Они сидели молча... Стемнело. Пошел дождь со снегом. Они встали, не сговариваясь, но одновременно, и пошли в разные стороны... Они уже скрылись друг от друга на расстояние ружейного выстрела, и стороннему наблюдателю ни за что бы не пришло в голову, что полчаса назад Они сидели на одной скамье в парке. Они любили ходить так же, как и сидеть. и шли долго и с удовольствием; вышли из города - Он на одно шоссе, Она на противоположное. Его подбросил до моря водитель рефрижератора. Ее - до другого моря автобус с туристской группой. Они сели в пароходы, обогнули земной шар... вылезли из вагонов поездов противоположных вокзалов и пошли в парк присели одновременно на старую некрашеную скамью и, взглянув друг на друга, улыбнулись...
Он сидел теперь так же, смотря вдаль, и думал с нежностью о детстве. Она думала о Нем, но уже без раздражения - думала тепло и нежно...
Карлсон взял подзорную трубу и, найдя в старом парке скамейку, где Они сидели, послал им безответный воздушный поцелуй.
ТЫ И ВЫ
"Ты" - говорят нам, и мы говорим "Ты", когда между нами существует незримое соглашение: мы оба считаем себя хорошими или нас обоих считают плохими.

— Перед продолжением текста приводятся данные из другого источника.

(* Let $\alpha\in(0,1)$ be irrational, let $s_\alpha$ be a Sturmian word of angle $\alpha$, and let $n$ be a positive even integer. For $0\le i\le n$, let $t_i$ be the factor of length $n$ associated with the interval $L_i(n)$. Then $t_i$ is an abelian square if and only if either $\lfloor n\alpha\rfloor$ is even and $L_i(n)\subset[0,\{-n\alpha\})$, or $\lfloor n\alpha\rfloor$ is odd and $L_i(n)\subset[\{-n\alpha\},1)$.
   Context: Alphabet $\{a,b\}$; $\{x\}=x-\lfloor x\rfloor$ is the fractional part. For irrational $\alpha\in(0,1)$ and $\rho\in[0,1)$, the Sturmian word $s_{\alpha,\rho}=c_0c_1c_2\cdots$ is defined by $c_m=b$ if $\{\rho+m\alpha\}\in[0,1-\alpha)$ and $c_m=a$ otherwise (or with the intervals $(0,1-\alpha]$ and $(1-\alpha,1]$ instead); all such words have the same set of factors, and $s_\alpha$ denotes any of them. For $i\ge 0$ let $I_b^{-i}=[\{-i\alpha\},\{-(i+1)\alpha\})$, understood circularly on $[0,1)$ (if the left endpoint exceeds the right one it means $[\{-i\alpha\},1)\cup[0,\{-(i+1)\alpha\})$). For $x\in[0,1)$ let $u_n(x)=d_0\cdots d_{n-1}$ with $d_i=b$ if $x\in I_b^{-i}$ and $d_i=a$ otherwise; the factor of $s_{\alpha,\rho}$ of length $n$ at position $j$ is $u_n(\{\rho+j\alpha\})$. Arranging the $n+2$ points $0,1,\{-\alpha\},\dots,\{-n\alpha\}$ in increasing order partitions $[0,1)$ into $n+1$ half-open intervals $L_0(n),\dots,L_n(n)$ (in increasing order); $u_n$ is constant on each $L_i(n)$, and its value there is the factor $t_i$ associated with $L_i(n)$; these are exactly the $n+1$ distinct factors of length $n$. An abelian square is a word $v_1v_2$ where $v_1,v_2$ have the same numbers of $a$'s and of $b$'s. *)

theory Defs
  imports Complex_Main
begin

datatype letter = a | b

definition circ_ico :: "real \<Rightarrow> real \<Rightarrow> real set" where
  "circ_ico l r = (if l \<le> r then {l..<r} else {l..<1} \<union> {0..<r})"

definition Ib :: "real \<Rightarrow> nat \<Rightarrow> real set" where
  "Ib \<alpha> i = circ_ico (frac (- real i * \<alpha>)) (frac (- real (Suc i) * \<alpha>))"

definition u :: "real \<Rightarrow> nat \<Rightarrow> real \<Rightarrow> letter list" where
  "u \<alpha> n x = map (\<lambda>i. if x \<in> Ib \<alpha> i then b else a) [0..<n]"

definition pts :: "real \<Rightarrow> nat \<Rightarrow> real list" where
  "pts \<alpha> n = sorted_list_of_set ({0, 1} \<union> (\<lambda>k. frac (- real k * \<alpha>)) ` {1..n})"

definition L :: "real \<Rightarrow> nat \<Rightarrow> nat \<Rightarrow> real set" where
  "L \<alpha> n i = {pts \<alpha> n ! i ..< pts \<alpha> n ! Suc i}"

text \<open>t_i: the factor associated with L_i(n), i.e. the (constant) value of u_n on L_i(n),
  taken at its left endpoint.\<close>
definition t :: "real \<Rightarrow> nat \<Rightarrow> nat \<Rightarrow> letter list" where
  "t \<alpha> n i = u \<alpha> n (pts \<alpha> n ! i)"

definition abelian_square :: "letter list \<Rightarrow> bool" where
  "abelian_square w \<longleftrightarrow> (\<exists>v1 v2. w = v1 @ v2 \<and>
     count_list v1 a = count_list v2 a \<and> count_list v1 b = count_list v2 b)"

end

theory Submission
  imports Defs
begin

text \<open>The number of \<open>a\<close>'s in the prefix \<open>u\<^sub>k(x)\<close> of the Sturmian word is \<open>\<lfloor>x + k\<alpha>\<rfloor>\<close>.
  For \<open>n = 2m\<close> the two halves of \<open>u\<^sub>n(x)\<close> therefore contain \<open>\<lfloor>x + m\<alpha>\<rfloor>\<close> and
  \<open>\<lfloor>x + n\<alpha>\<rfloor> - \<lfloor>x + m\<alpha>\<rfloor>\<close> letters \<open>a\<close>; since \<open>\<lfloor>x + n\<alpha>\<rfloor>\<close> differs from
  \<open>2\<lfloor>x + m\<alpha>\<rfloor>\<close> by at most one, \<open>u\<^sub>n(x)\<close> is an abelian square iff \<open>\<lfloor>x + n\<alpha>\<rfloor>\<close> is even.
  Finally \<open>\<lfloor>x + n\<alpha>\<rfloor> = \<lfloor>n\<alpha>\<rfloor>\<close> or \<open>\<lfloor>n\<alpha>\<rfloor> + 1\<close> according to whether \<open>x < {-n\<alpha>}\<close>, and
  \<open>{-n\<alpha>}\<close> is one of the partition points, so each \<open>L\<^sub>i(n)\<close> lies on one side of it.\<close>

lemma mem_Ib_iff_floor_eq:
  fixes \<alpha> x :: real
  assumes "0 \<le> x" "x < 1" "0 < \<alpha>" "\<alpha> < 1"
  shows "x \<in> Ib \<alpha> j \<longleftrightarrow> \<lfloor>x + real (Suc j) * \<alpha>\<rfloor> = \<lfloor>x + real j * \<alpha>\<rfloor>"
proof -
  define P where "P = \<lfloor>- real j * \<alpha>\<rfloor>"
  define p where "p = - real j * \<alpha> - P"
  define Q where "Q = \<lfloor>- real (Suc j) * \<alpha>\<rfloor>"
  define q where "q = - real (Suc j) * \<alpha> - Q"
  have frac_p: "frac (- real j * \<alpha>) = p" and frac_q: "frac (- real (Suc j) * \<alpha>) = q"
    unfolding p_def P_def q_def Q_def frac_def by simp_all
  have p: "0 \<le> p" "p < 1" and q: "0 \<le> q" "q < 1"
    unfolding p_def P_def q_def Q_def by linarith+
  have "- real (Suc j) * \<alpha> = of_int P + (p - \<alpha>)"
    unfolding p_def by (simp add: algebra_simps)
  then have Q: "Q = P + (if p \<ge> \<alpha> then 0 else -1)"
    unfolding Q_def using p assms by (simp add: floor_eq_iff)
  have "x + real j * \<alpha> = of_int (-P) + (x - p)"
    unfolding p_def by simp
  then have floor_j: "\<lfloor>x + real j * \<alpha>\<rfloor> = - P + (if x \<ge> p then 0 else -1)"
    using p assms by (simp add: floor_eq_iff)
  have "x + real (Suc j) * \<alpha> = of_int (-Q) + (x - q)"
    unfolding q_def by (simp add: algebra_simps)
  then have floor_Suc_j: "\<lfloor>x + real (Suc j) * \<alpha>\<rfloor> = - Q + (if x \<ge> q then 0 else -1)"
    using q assms by (simp add: floor_eq_iff)
  have "q = p - \<alpha> + (if p \<ge> \<alpha> then 0 else 1)"
    using Q unfolding q_def p_def by (auto simp: algebra_simps)
  then show ?thesis
    unfolding Ib_def circ_ico_def frac_p frac_q floor_j floor_Suc_j Q
    using p q assms by (auto split: if_splits)
qed

lemma u_Suc: "u \<alpha> (Suc k) x = u \<alpha> k x @ [if x \<in> Ib \<alpha> k then b else a]"
  unfolding u_def by simp

lemma count_list_u_a:
  fixes \<alpha> x :: real
  assumes "0 \<le> x" "x < 1" "0 < \<alpha>" "\<alpha> < 1"
  shows "int (count_list (u \<alpha> k x) a) = \<lfloor>x + real k * \<alpha>\<rfloor>"
proof (induction k)
  case 0
  then show ?case using assms by (simp add: u_def floor_eq_iff)
next
  case (Suc k)
  have "\<lfloor>x + real (Suc k) * \<alpha>\<rfloor> \<in> {\<lfloor>x + real k * \<alpha>\<rfloor>, \<lfloor>x + real k * \<alpha>\<rfloor> + 1}"
    using assms(3,4) by (simp add: floor_eq_iff algebra_simps) linarith
  then show ?case
    using Suc mem_Ib_iff_floor_eq[OF assms, of k] by (auto simp: u_Suc)
qed

lemma length_eq_count_list_a_b: "length w = count_list w a + count_list w b"
proof (induction w)
  case (Cons c w)
  then show ?case by (cases c) auto
qed simp

lemma abelian_square_iff_halves:
  assumes "length w = 2 * m"
  shows "abelian_square w \<longleftrightarrow> count_list (take m w) a = count_list (drop m w) a"
proof
  assume "abelian_square w"
  then obtain v1 v2 where w: "w = v1 @ v2"
    and counts: "count_list v1 a = count_list v2 a" "count_list v1 b = count_list v2 b"
    unfolding abelian_square_def by blast
  have "length v1 = length v2"
    using counts length_eq_count_list_a_b[of v1] length_eq_count_list_a_b[of v2] by simp
  then have "length v1 = m" using assms w by simp
  then show "count_list (take m w) a = count_list (drop m w) a" using w counts by simp
next
  assume count_a: "count_list (take m w) a = count_list (drop m w) a"
  have "length (take m w) = length (drop m w)" using assms by simp
  then have "count_list (take m w) b = count_list (drop m w) b"
    using count_a length_eq_count_list_a_b[of "take m w"] length_eq_count_list_a_b[of "drop m w"]
    by simp
  then show "abelian_square w"
    unfolding abelian_square_def using count_a append_take_drop_id by metis
qed

lemma double_floor_eq_iff_even:
  fixes x y :: real
  assumes "0 \<le> x" "x < 1"
  shows "2 * \<lfloor>y\<rfloor> = \<lfloor>2 * y - x\<rfloor> \<longleftrightarrow> even \<lfloor>2 * y - x\<rfloor>"
proof -
  define r where "r = y - \<lfloor>y\<rfloor>"
  have r: "0 \<le> r" "r < 1" unfolding r_def by linarith+
  have "2 * y - x = of_int (2 * \<lfloor>y\<rfloor>) + (2 * r - x)" unfolding r_def by simp
  then have "\<lfloor>2 * y - x\<rfloor> = 2 * \<lfloor>y\<rfloor> + \<lfloor>2 * r - x\<rfloor>"
    by (metis floor_add_int add.commute)
  moreover have "\<lfloor>2 * r - x\<rfloor> \<in> {-1, 0, 1}"
    using r assms by (simp add: floor_eq_iff) linarith
  ultimately show ?thesis by auto
qed

lemma abelian_square_u_iff:
  fixes \<alpha> x :: real
  assumes "0 \<le> x" "x < 1" "0 < \<alpha>" "\<alpha> < 1" "n = 2 * m"
  shows "abelian_square (u \<alpha> n x) \<longleftrightarrow> even \<lfloor>x + real n * \<alpha>\<rfloor>"
proof -
  have "take m (u \<alpha> n x) = u \<alpha> m x"
    using assms(5) unfolding u_def by (simp add: take_map)
  moreover have "count_list (u \<alpha> n x) a
      = count_list (take m (u \<alpha> n x)) a + count_list (drop m (u \<alpha> n x)) a"
    by (metis append_take_drop_id count_list_append)
  ultimately have "abelian_square (u \<alpha> n x)
      \<longleftrightarrow> 2 * int (count_list (u \<alpha> m x) a) = int (count_list (u \<alpha> n x) a)"
    using abelian_square_iff_halves[of "u \<alpha> n x" m] assms(5) by (simp add: u_def)
  also have "\<dots> \<longleftrightarrow> 2 * \<lfloor>x + real m * \<alpha>\<rfloor> = \<lfloor>2 * (x + real m * \<alpha>) - x\<rfloor>"
    using count_list_u_a[OF assms(1-4)] assms(5) by (simp add: algebra_simps)
  also have "\<dots> \<longleftrightarrow> even \<lfloor>2 * (x + real m * \<alpha>) - x\<rfloor>"
    by (rule double_floor_eq_iff_even[OF assms(1,2)])
  also have "2 * (x + real m * \<alpha>) - x = x + real n * \<alpha>"
    using assms(5) by (simp add: algebra_simps)
  finally show ?thesis .
qed

lemma of_int_mult_irrational_notin_Ints:
  fixes \<alpha> :: real and k :: int
  assumes "\<alpha> \<notin> \<rat>" "k \<noteq> 0"
  shows "of_int k * \<alpha> \<notin> \<int>"
proof
  assume "of_int k * \<alpha> \<in> \<int>"
  then obtain z where "of_int k * \<alpha> = of_int z" by (auto elim: Ints_cases)
  then have "\<alpha> = of_int z / of_int k" using assms(2) by (simp add: field_simps)
  with assms(1) show False by simp
qed

lemma floor_add_eq_if_less_frac_uminus:
  fixes r x :: real
  assumes "r \<notin> \<int>" "0 \<le> x" "x < 1"
  shows "\<lfloor>x + r\<rfloor> = \<lfloor>r\<rfloor> + (if x < frac (- r) then 0 else 1)"
proof -
  have "\<lfloor>x + r\<rfloor> = \<lfloor>r\<rfloor> + \<lfloor>x + frac r\<rfloor>"
    using floor_add_int[of "x + frac r" "\<lfloor>r\<rfloor>"] unfolding frac_def by (simp add: add.commute)
  moreover have "frac (- r) = 1 - frac r" using assms(1) by (simp add: frac_neg)
  moreover have "0 \<le> frac r" "frac r < 1" by (simp_all add: frac_lt_1)
  then have "\<lfloor>x + frac r\<rfloor> = (if x < 1 - frac r then 0 else 1)"
    using assms(2,3) by (simp add: floor_eq_iff)
  ultimately show ?thesis by simp
qed

lemma card_pts_set:
  fixes \<alpha> :: real
  assumes "\<alpha> \<notin> \<rat>"
  shows "card ({0, 1} \<union> (\<lambda>k. frac (- real k * \<alpha>)) ` {1..n}) = n + 2"
proof -
  let ?f = "\<lambda>k::nat. frac (- real k * \<alpha>)"
  have "inj_on ?f {1..n}"
  proof (rule inj_onI)
    fix k k' :: nat assume "?f k = ?f k'"
    then have "of_int (int k' - int k) * \<alpha> = of_int (\<lfloor>- real k * \<alpha>\<rfloor> - \<lfloor>- real k' * \<alpha>\<rfloor>)"
      unfolding frac_def by (simp add: algebra_simps)
    then have "int k' - int k = 0"
      using of_int_mult_irrational_notin_Ints[OF assms] by (metis Ints_of_int)
    then show "k = k'" by simp
  qed
  moreover have "0 < ?f k \<and> ?f k < 1" if "k \<in> {1..n}" for k
    using of_int_mult_irrational_notin_Ints[OF assms, of "- int k"] that frac_lt_1
    by (simp add: frac_gt_0_iff)
  then have "{0, 1} \<inter> ?f ` {1..n} = {}" by fastforce
  ultimately show ?thesis by (simp add: card_Un_disjoint card_image)
qed

lemma
  fixes \<alpha> :: real
  assumes "\<alpha> \<notin> \<rat>"
  shows length_pts: "length (pts \<alpha> n) = n + 2"
    and set_pts: "set (pts \<alpha> n) = {0, 1} \<union> (\<lambda>k. frac (- real k * \<alpha>)) ` {1..n}"
    and sorted_wrt_pts: "sorted_wrt (<) (pts \<alpha> n)"
  using card_pts_set[OF assms]
  by (simp_all only: pts_def length_sorted_list_of_set set_sorted_list_of_set
      strict_sorted_list_of_set finite_UnI finite_imageI finite_atLeastAtMost finite.intros)

lemma pts_subset_01: "set (pts \<alpha> n) \<subseteq> {0..1}"
  unfolding pts_def by (subst set_sorted_list_of_set) (auto simp: frac_lt_1 less_imp_le)

lemma sorted_wrt_less_nth_less_iff:
  fixes xs :: "'a::linorder list"
  assumes "sorted_wrt (<) xs" "Suc i < length xs" "c \<in> set xs"
  shows "xs ! i < c \<longleftrightarrow> xs ! Suc i \<le> c"
proof -
  obtain k where k: "k < length xs" "xs ! k = c" using assms(3) by (meson in_set_conv_nth)
  have mono: "xs ! j \<le> xs ! l" if "j \<le> l" "l < length xs" for j l
    using sorted_nth_mono assms(1) that by (auto simp: strict_sorted_iff)
  have step: "xs ! i < xs ! Suc i" using sorted_wrt_nth_less[OF assms(1)] assms(2) by simp
  show ?thesis
  proof (cases "i < k")
    case True
    then show ?thesis using step mono[of "Suc i" k] k by simp
  next
    case False
    then show ?thesis using step mono[of k i] k assms(2) by auto
  qed
qed

theorem proposition4:
  fixes \<alpha> :: real and n i :: nat
  assumes "0 < \<alpha>" "\<alpha> < 1" "\<alpha> \<notin> \<rat>"
    and "n > 0" "even n" "i \<le> n"
  shows "abelian_square (t \<alpha> n i) \<longleftrightarrow>
           (even \<lfloor>real n * \<alpha>\<rfloor> \<and> L \<alpha> n i \<subseteq> {0..<frac (- real n * \<alpha>)}) \<or>
           (odd \<lfloor>real n * \<alpha>\<rfloor> \<and> L \<alpha> n i \<subseteq> {frac (- real n * \<alpha>)..<1})"
proof -
  define x where "x = pts \<alpha> n ! i"
  define y where "y = pts \<alpha> n ! Suc i"
  define c where "c = frac (- real n * \<alpha>)"
  have i: "Suc i < length (pts \<alpha> n)" using length_pts[OF assms(3)] assms(6) by simp
  have xy: "x < y"
    unfolding x_def y_def using sorted_wrt_nth_less[OF sorted_wrt_pts[OF assms(3)] _ i] by simp
  have x0: "0 \<le> x" and y1: "y \<le> 1"
    unfolding x_def y_def using pts_subset_01 i by (meson Suc_lessD atLeastAtMost_iff nth_mem subsetD)+
  have below_c: "x < c \<longleftrightarrow> y \<le> c"
    unfolding x_def y_def c_def using assms(3,4) i
    by (intro sorted_wrt_less_nth_less_iff sorted_wrt_pts) (auto simp: set_pts)
  obtain m where "n = 2 * m" using assms(5) by blast
  then have abelian: "abelian_square (t \<alpha> n i) \<longleftrightarrow> even \<lfloor>x + real n * \<alpha>\<rfloor>"
    unfolding t_def x_def[symmetric] using abelian_square_u_iff assms(1,2) x0 xy y1 by simp
  have floor_shift: "\<lfloor>x + real n * \<alpha>\<rfloor> = \<lfloor>real n * \<alpha>\<rfloor> + (if x < c then 0 else 1)"
    unfolding c_def using floor_add_eq_if_less_frac_uminus[of "real n * \<alpha>" x] x0 xy y1
      of_int_mult_irrational_notin_Ints[OF assms(3), of "int n"] assms(4) by simp
  have "L \<alpha> n i = {x..<y}" unfolding L_def x_def y_def ..
  then show ?thesis unfolding c_def[symmetric] abelian floor_shift using xy x0 y1 below_c by auto
qed

end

"Вы" - другое дело. "Вы", "здравствуйте" значит "Вы". Я знаю, что в Вас двое: хороший и плохой, я объективен и Вы объективны.
"Вы" - снимаю шляпу.
"Вы" - снимаете тоже.
В ЛЕСУ СТОЯЛА ЕЛЬ
Стоял зимний лес. В лесу стояла ель. Ель была темная и большая. На ней лежал снег. Под елью жила лиса. На верху ели на толстой ветке сидел ворон. Ворон сидел неподвижно, и на его голову нападал снег. Снег на голове ворона слежался и был похож на чалму, поэтому ворон был похож на восточного мудреца. Лиса, которая жила под елью, видела ворона два раза в день: утром, когда шла охотиться на зайцев, и вечером, когда возвращалась с охоты. Лиса думала, что ворон околел, и не обращала на него внимания. Ей было некогда: было холодно и постоянно хотелось есть - зайцы попадались редко, а нора была тесная и холодная...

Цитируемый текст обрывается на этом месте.